La perplejidad de sobrecoge al encontrarte con una red de caminos posibles y te das cuenta de que no tienes ninguna referencia que te ayude a elegir. ¿Estás seguro de que abriste los ojos al nacer? O sigues ciego en la placenta de tu madre, de tu sociedad, de tu tiempo, de las modas que te circundan, de las noticias inverificables que han ido construyendo la arquitectura de tu mundo…
Fíjate ahora en tu coche. ¿Lo reconoces? Le has cambiado los embellecedores, la caja de cambios, los faros. Te parecía poca cosa para tu elevada genealogía. No sé si lograrás llegar al final.
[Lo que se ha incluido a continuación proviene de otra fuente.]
(* Let $\rho\colon\mathrm{Isom}(\mathbf H^1_{\mathbb C})_o\to\mathrm{Isom}(\mathbf H^\infty_{\mathbb C})_o$ be a non-elementary representation with $\ell(\rho)=2$. Then $b\mapsto c(b)$ is a non-trivial $\mathbb R$-linear map $\mathbb R\to E$, and $\mathrm{Im}\,K(b)=0$ for every $b\in\mathbb R$.
   Context: $\mathcal H$: separable complex Hilbert space with strongly non-degenerate Hermitian form $B$ (linear in the first variable) of signature $(1,\infty)$; $\mathbf H^\infty_{\mathbb C}=\{[v]:B(v,v)>0\}$, $\cosh d([v],[w])=|B(v,w)|/\sqrt{B(v,v)B(w,w)}$, boundary = isotropic lines, $\mathrm{Isom}(\mathbf H^\infty_{\mathbb C})_o=PU(B)$. $\mathbf H^1_{\mathbb C}$: $\mathbb C^2$ with $B(z,w)=z_1\bar w_1-z_2\bar w_2$, $\xi_1=(e_1+e_2)/\sqrt2$, $\xi_2=(e_1-e_2)/\sqrt2$; $g(\lambda,b)\in SU(1,1)$ has matrix $\begin{pmatrix}\lambda&ib\\0&\lambda^{-1}\end{pmatrix}$ in basis $(\xi_1,\xi_2)$. Representations are orbitally continuous homomorphisms; non-elementary = no fixed point in $\mathbf H^\infty_{\mathbb C}\cup\partial\mathbf H^\infty_{\mathbb C}$ and no invariant pair of boundary points. For such $\rho$: $\eta_1$ is the unique common fixed boundary point of the $\rho(g(\lambda,b))$, $\eta_2$ the other endpoint of the common axis of the hyperbolic $\rho(g(\lambda,0))$, $\lambda\neq1$; isotropic representatives with $B(\eta_1,\eta_2)=1$; $E=\eta_1^\perp\cap\eta_2^\perp$. The lift $T_b\in U(B)$ of $\rho(g(1,b))$ with $T_b\eta_1=\eta_1$ satisfies $T_b\eta_2=K(b)\eta_1+\eta_2+c(b)$ with $K(b)\in\mathbb C$, $c(b)\in E$ (the paper writes $\Delta(b)=\mathrm{Im}K(b)$). $\ell(\rho)$ is the $t>0$ with $\inf_xd(\rho(g(\lambda,0))x,x)=t|\ln\lambda|$ for all $\lambda>0$. *)

theory Defs
  imports "HOL-Analysis.Analysis"
begin

text \<open>Every separable complex Hilbert space with a strongly non-degenerate Hermitian
form of signature (1,infinity) is isometric to the following standard model:
vectors are square-summable sequences nat => complex, coordinate 0 is the positive
direction and B(v,w) = v_0 conj(w_0) - sum_{n>=1} v_n conj(w_n).\<close>

type_synonym vec = "nat \<Rightarrow> complex"

definition l2 :: "vec set" where
  "l2 = {v. summable (\<lambda>n. (cmod (v n))\<^sup>2)}"

definition l2normsq :: "vec \<Rightarrow> real" where
  "l2normsq v = (\<Sum>n. (cmod (v n))\<^sup>2)"

definition Bf :: "vec \<Rightarrow> vec \<Rightarrow> complex" where
  "Bf v w = v 0 * cnj (w 0) - (\<Sum>n. v (Suc n) * cnj (w (Suc n)))"

definition vzero :: vec where "vzero = (\<lambda>n. 0)"

definition vadd :: "vec \<Rightarrow> vec \<Rightarrow> vec" where "vadd v w = (\<lambda>n. v n + w n)"

definition vscale :: "complex \<Rightarrow> vec \<Rightarrow> vec" where "vscale a v = (\<lambda>n. a * v n)"

definition UB :: "(vec \<Rightarrow> vec) set" where
  "UB = {T. bij_betw T l2 l2
          \<and> (\<forall>v\<in>l2. \<forall>w\<in>l2. T (vadd v w) = vadd (T v) (T w))
          \<and> (\<forall>a. \<forall>v\<in>l2. T (vscale a v) = vscale a (T v))
          \<and> (\<exists>C. \<forall>v\<in>l2. l2normsq (T v) \<le> C * l2normsq v)
          \<and> (\<forall>v\<in>l2. \<forall>w\<in>l2. Bf (T v) (T w) = Bf v w)}"

text \<open>Equality in PU(B) = U(B)/U(1): operators differing by a unit scalar.\<close>
definition proj_eq :: "(vec \<Rightarrow> vec) \<Rightarrow> (vec \<Rightarrow> vec) \<Rightarrow> bool" where
  "proj_eq T S \<longleftrightarrow> (\<exists>u. cmod u = 1 \<and> (\<forall>v\<in>l2. T v = vscale u (S v)))"

definition hyp_pt :: "vec \<Rightarrow> bool" where
  "hyp_pt v \<longleftrightarrow> v \<in> l2 \<and> Re (Bf v v) > 0"

definition isotropic :: "vec \<Rightarrow> bool" where
  "isotropic v \<longleftrightarrow> v \<in> l2 \<and> v \<noteq> vzero \<and> Bf v v = 0"

definition same_line :: "vec \<Rightarrow> vec \<Rightarrow> bool" where
  "same_line v w \<longleftrightarrow> (\<exists>\<mu>. w = vscale \<mu> v)"

definition hdist :: "vec \<Rightarrow> vec \<Rightarrow> real" where
  "hdist v w = arcosh (cmod (Bf v w) / sqrt (Re (Bf v v) * Re (Bf w w)))"

definition B2 :: "complex^2 \<Rightarrow> complex^2 \<Rightarrow> complex" where
  "B2 z w = z$1 * cnj (w$1) - z$2 * cnj (w$2)"

definition SU11 :: "(complex^2^2) set" where
  "SU11 = {M. det M = 1 \<and> (\<forall>z w. B2 (M *v z) (M *v w) = B2 z w)}"

text \<open>Change of basis matrix whose columns are xi1 = (e1+e2)/sqrt 2, xi2 = (e1-e2)/sqrt 2.\<close>
definition Pxi :: "complex^2^2" where
  "Pxi = (\<chi> i j. if i = 2 \<and> j = 2 then - complex_of_real (1 / sqrt 2)
                 else complex_of_real (1 / sqrt 2))"

definition gmat :: "real \<Rightarrow> real \<Rightarrow> complex^2^2" where
  "gmat l b = Pxi ** (\<chi> i j. if i = 1 \<and> j = 1 then complex_of_real l
                          else if i = 1 \<and> j = 2 then \<i> * complex_of_real b
                          else if i = 2 \<and> j = 2 then complex_of_real (1 / l)
                          else 0) ** matrix_inv Pxi"
(* Let $T\ge 2$ and let the standing assumptions hold. Suppose that for some $\alpha\in[1/T,1]$ every $f_t$, $t=1,\dots,T$, is $\alpha$-exp-concave on $\mathcal{X}$. Let $\widehat{\alpha}\in\mathcal{P}_{exp}$ satisfy $\widehat{\alpha}\le\alpha\le2\widehat{\alpha}$ and let $\beta=\frac12\min\{\frac{1}{4GD},\alpha\}$. Then USC satisfies \[ \sum_{t=1}^T f_t(\mathbf{x}_t)-\min_{\mathbf{x}\in\mathcal{X}}\sum_{t=1}^T f_t(\mathbf{x})\le \min_{A\in\mathcal{A}_{exp}} R(A,\widehat{\alpha}) + 2\Gamma GD\left(2+\frac{1}{\sqrt{\ln|\mathcal{E}|}}\right)+\frac{\Gamma^2}{2\beta\ln|\mathcal{E}|}. \] In particular, when $|\mathcal{A}_{str}|,|\mathcal{A}_{exp}|,|\mathcal{A}_{con}|$ are bounded by constants, the additive term is $O\big(\frac{\log\log T}{\alpha}\big)$.
   Context: Setting (online convex optimization): $\mathcal{X}\subset\mathbb{R}^d$ is a nonempty closed convex set with $\max_{\mathbf{x},\mathbf{y}\in\mathcal{X}}\|\mathbf{x}-\mathbf{y}\|\le D$. For $t=1,\dots,T$, $f_t:\mathcal{X}\to\mathbb{R}$ are convex differentiable functions with $\max_{\mathbf{x}\in\mathcal{X}}\|\nabla f_t(\mathbf{x})\|\le G$. At round $t$ a learner outputs $\mathbf{x}_t\in\mathcal{X}$ depending only on $f_1,\dots,f_{t-1}$, then $f_t$ is revealed. An online algorithm (expert) is any such procedure. A function $f$ is $\alpha$-exp-concave on $\mathcal{X}$ if $\mathbf{x}\mapsto\exp(-\alpha f(\mathbf{x}))$ is concave on $\mathcal{X}$. Algorithm USC: Let $N=\lceil\log_2T\rceil$ and $\mathcal{P}_{str}=\mathcal{P}_{exp}=\{2^k/T: k=0,1,\dots,N\}$. Let $\mathcal{A}_{str},\mathcal{A}_{exp}$ be finite sets of online algorithms each taking a positive parameter, and $\mathcal{A}_{con}$ a finite set of online algorithms. The expert set $\mathcal{E}$ consists of the experts $E(A,\lambda')$ ($A$ run with parameter $\lambda'$) for $A\in\mathcal{A}_{str},\lambda'\in\mathcal{P}_{str}$; $E(A,\alpha')$ for $A\in\mathcal{A}_{exp},\alpha'\in\mathcal{P}_{exp}$; and $E(A)$ for $A\in\mathcal{A}_{con}$. Index them $E^1,\dots,E^{|\mathcal{E}|}$; every expert receives the full functions $f_1,f_2,\dots$ and outputs $\mathbf{x}_t^i\in\mathcal{X}$ at round $t$. Fix any $\bar{\mathbf{x}}\in\mathcal{X}$. USC outputs $\mathbf{x}_t=\sum_i p_t^i\mathbf{x}_t^i$ with weights given by Adapt-ML-Prod on the losses $\ell_t^i=\frac{\langle\nabla f_t(\mathbf{x}_t),\mathbf{x}_t^i-\bar{\mathbf{x}}\rangle+GD}{2GD}\in[0,1]$, $\ell_t=\sum_ip_t^i\ell_t^i$: namely $p_t^i=\eta_{t-1}^iw_{t-1}^i/\sum_j\eta_{t-1}^jw_{t-1}^j$, where $\eta_{t-1}^i=\min\{\frac12,\sqrt{\ln|\mathcal{E}|/(1+\sum_{s=1}^{t-1}(\ell_s-\ell_s^i)^2)}\}$ for $t\ge1$, $w_0^i=1/|\mathcal{E}|$, and $w_{t-1}^i=\big(w_{t-2}^i(1+\eta_{t-2}^i(\ell_{t-1}-\ell_{t-1}^i))\big)^{\eta_{t-1}^i/\eta_{t-2}^i}$ for $t\ge2$. Define $\Gamma=3\ln|\mathcal{E}|+\ln\big(1+\frac{|\mathcal{E}|}{2e}(1+\ln(T+1))\big)$. For $A\in\mathcal{A}_{exp}$ and $\alpha'>0$, $R(A,\alpha')$ denotes a regret bound of $A$: a number such that whenever $f_1,\dots,f_T$ satisfy the setting and are all $\alpha'$-exp-concave, the outputs $\mathbf{y}_t$ of $A$ run with parameter $\alpha'$ satisfy $\sum_t f_t(\mathbf{y}_t)-\min_{\mathbf{x}\in\mathcal{X}}\sum_tf_t(\mathbf{x})\le R(A,\alpha')$. *)

theory Defs
  imports "HOL-Analysis.Analysis"
begin

text \<open>An online algorithm (expert) maps the list of previously revealed functions
  [f_1, ..., f_(t-1)] to its output at round t.  Parametrised algorithms additionally
  take a positive real parameter.\<close>

type_synonym 'a alg = "('a \<Rightarrow> real) list \<Rightarrow> 'a"
type_synonym 'a palg = "real \<Rightarrow> ('a \<Rightarrow> real) list \<Rightarrow> 'a"

definition hist :: "(nat \<Rightarrow> 'a \<Rightarrow> real) \<Rightarrow> nat \<Rightarrow> ('a \<Rightarrow> real) list" where
  "hist f t = map f [1..<t]"

definition exp_concave_on :: "real \<Rightarrow> 'a::real_vector set \<Rightarrow> ('a \<Rightarrow> real) \<Rightarrow> bool" where
  "exp_concave_on \<alpha> X h \<longleftrightarrow> concave_on X (\<lambda>x. exp (- \<alpha> * h x))"

definition oco_domain :: "'a::euclidean_space set \<Rightarrow> real \<Rightarrow> bool" where
  "oco_domain X D \<longleftrightarrow> X \<noteq> {} \<and> closed X \<and> convex X \<and> (\<forall>x\<in>X. \<forall>y\<in>X. norm (x - y) \<le> D)"

definition oco_fns :: "'a::euclidean_space set \<Rightarrow> real \<Rightarrow> nat \<Rightarrow> (nat \<Rightarrow> 'a \<Rightarrow> real) \<Rightarrow> (nat \<Rightarrow> 'a \<Rightarrow> 'a) \<Rightarrow> bool" where
  "oco_fns X G T f g \<longleftrightarrow> (\<forall>t\<in>{1..T}. convex_on X (f t) \<and>
      (\<forall>x\<in>X. (f t has_derivative (\<lambda>h. inner (g t x) h)) (at x within X) \<and> norm (g t x) \<le> G))"
(* Let $\alpha,\beta,\gamma$ be partitions with $\alpha_1\le2$ and let $\Gamma$ be an LR-tableau of type $(\alpha,\beta,\gamma)$ such that every row of $\Gamma$ contains at most one (non-empty) box. Let $\Delta,\Delta'\in\mathcal D_\Gamma$. Then $\Delta'\to\Delta$ (i.e. $\Delta'<_{\rm arc}\Delta$ and there is no $\Delta''\in\mathcal D_\Gamma$ with $\Delta'<_{\rm arc}\Delta''<_{\rm arc}\Delta$) if and only if $\Delta'$ is obtained from $\Delta$ by a single move of type (A) or (B) which reduces the number of crossings by one.
   Context: For a partition $\lambda$, $\lambda'$ is its conjugate; the diagram of $\lambda$ is drawn with $\lambda'_i$ boxes in row $i$, so the $i$-th row of $\beta\setminus\gamma$ consists of the boxes in columns $\gamma'_i+1,\dots,\beta'_i$. With $\alpha_1\le 2$, $\alpha'=(\alpha'_1,\alpha'_2)$. An LR-tableau of type $(\alpha,\beta,\gamma)$ is a filling of $\beta\setminus\gamma$ with $\alpha'_1$ entries $1$ and $\alpha'_2$ entries $2$, weakly increasing along rows, strictly increasing down columns, such that for each $c\ge0$ the number of entries $1$ in columns to the right of column $c$ is at least the number of entries $2$ there. Place the positive integers on a line in decreasing order from left to right. An arc is a pair $(m,n)$, $m>n$ positive integers (source $m$, target $n$); a pole at $n$ is regarded as an arc $(\infty,n)$. An arc diagram of type $(\alpha,\beta,\gamma)$ is a finite multiset of $\alpha'_2$ arcs and $\alpha'_1-\alpha'_2$ poles with, for each $i$, exactly $\beta'_i-\gamma'_i$ members having source or target $i$. It has LR type $\Gamma$ if for each $i$ the number of arcs with source $i$ equals the number of entries $2$ in row $i$ of $\Gamma$; $\mathcal D_\Gamma$ is the set of such diagrams. Members $(m,n),(k,r)$ cross iff $r<n<k<m$ or $n<r<m<k$; the number of crossings is the number of crossing pairs. Moves: for $a>b>c>d$, (A) replaces arcs $(a,c),(b,d)$ by $(a,d),(b,c)$; (C) replaces them by $(a,b),(c,d)$; for $a>b>c$, (B) replaces arc $(a,c)$ and pole $(\infty,b)$ by arc $(a,b)$ and pole $(\infty,c)$; (D) replaces them by arc $(b,c)$ and pole $(\infty,a)$. $\Delta\le_{\rm arc}\Delta'$ iff $\Delta$ is obtained from $\Delta'$ by a finite (possibly empty) sequence of moves; $<_{\rm arc}$ is the strict relation. *)

theory Defs
  imports Main "HOL-Library.Multiset" "HOL-Library.Extended_Nat"
begin
lemma stirling_remainder_diff_le:
  assumes "n \<ge> 1"
  shows "stirling_remainder n - stirling_remainder (Suc n) \<le> 1/(2*real n) - 1/(2*(real n + 1))"
proof -
  define x where "x = 1/real n"
  have n: "real n \<ge> 1"
    using assms by simp
  have "(real n + 1/2) * ln (1 + x) \<le> (real n + 1/2) * (x - x^2/2 + x^3/3)"
    using ln_add_one_le_cubic[of x] by (intro mult_left_mono) (auto simp: x_def)
  also have "\<dots> = 1 + (real n + 2)/(12 * real n^3)"
    using n by (simp add: x_def field_simps power2_eq_square power3_eq_cube)
  also have "(real n + 2)/(12 * real n^3) \<le> 1/(2*real n*(real n + 1))"
  proof -
    have "(real n + 2) * (2*real n*(real n + 1)) \<le> 12 * real n^3"
    proof -
      have "real n \<le> real n * real n" "real n * real n \<le> real n * real n * real n"
        using n by (simp_all add: mult_le_cancel_left1)
      then show ?thesis
        by (simp add: algebra_simps power3_eq_cube)
    qed
    moreover have "0 < 12 * real n^3" "0 < 2*real n*(real n + 1)"
      using n by auto
    ultimately show ?thesis
      by (simp add: frac_le_eq field_simps)
  qed
  also have "1/(2*real n*(real n + 1)) = 1/(2*real n) - 1/(2*(real n + 1))"
    using n by (simp add: field_simps)
  finally show ?thesis
    using stirling_remainder_diff[OF assms] by (simp add: x_def)
qed

lemma stirling_remainder_ge_half:
  assumes "n \<ge> 1"
  shows "1/2 + 1/(2*real n) \<le> stirling_remainder n"
  using assms
proof (induction rule: dec_induct)
  case base
  then show ?case by (simp add: stirling_remainder_def)
next
  case (step m)
  then show ?case
    using stirling_remainder_diff_le[of m] by (simp add: add.commute)
qed

lemma wallis_partial_product_eq:
  "(\<Prod>k=1..n. 4 * real k^2 / (4 * real k^2 - 1)) =
     (2^n * fact n)^4 / ((fact (2*n))^2 * (2 * real n + 1))"
proof (induction n)
  case 0
  then show ?case by simp
next
  case (Suc n)
  have step: "a^4 / (b^2 * (2*m + 1)) * (4 * (m + 1)^2 / (4 * (m + 1)^2 - 1)) =
      (a * (2 * (m + 1)))^4 / ((b * (2*m + 1) * (2*m + 2))^2 * (2*m + 3))"
    if "b \<noteq> 0" "m \<ge> 0" for a b m :: real
  proof -
    have fac: "4 * (m + 1)^2 - 1 = (2*m + 1) * (2*m + 3)"
      by (simp add: power2_eq_square algebra_simps)
    have nz: "b^2 * (2*m + 1) * ((2*m + 1) * (2*m + 3)) \<noteq> 0"
      "(b * (2*m + 1) * (2*m + 2))^2 * (2*m + 3) \<noteq> 0"
      using that by auto
    show ?thesis
      unfolding fac times_divide_times_eq by (subst frac_eq_eq[OF nz]) algebra
  qed
  have fact_double: "fact (2 * Suc n) = (fact (2*n) :: real) * (2 * real n + 1) * (2 * real n + 2)"
    by (simp add: algebra_simps)
  have pow_fact: "(2::real) ^ Suc n * fact (Suc n) = 2^n * fact n * (2 * (real n + 1))"
    by (simp add: algebra_simps)
  have odd: "2 * real (Suc n) + 1 = 2 * real n + 3"
    by simp
  have "(\<Prod>k=1..Suc n. 4 * real k^2 / (4 * real k^2 - 1)) =
      (\<Prod>k=1..n. 4 * real k^2 / (4 * real k^2 - 1)) * (4 * (real n + 1)^2 / (4 * (real n + 1)^2 - 1))"
    by (simp add: add.commute)
  also have "\<dots> = (2^Suc n * fact (Suc n))^4 / ((fact (2 * Suc n))^2 * (2 * real (Suc n) + 1))"
    unfolding Suc.IH fact_double pow_fact odd by (rule step) auto
  finally show ?case .
qed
No entiendes la hoja de ruta a pesar de los muchos diplomas que has ido recopilando a lo largo de tu inútil viaje. ¿Cómo es posible que pensaras que este universo se había diseñado y manifestado para que tú le quitases el apéndice a un adolescente? O para ganar un juicio. O para hacer muebles de estilo. ¿Quién es la máquina –tú o el coche? ¿Dónde está la consciencia –en el volante o en tu corazón de la derecha? ¿Cuántos corazones tienes? ¿Tantos como volantes?
Todo lo has hecho al revés. Sal del coche. Apaga el motor y empújalo. Ya casi has llegado al final de la carretera.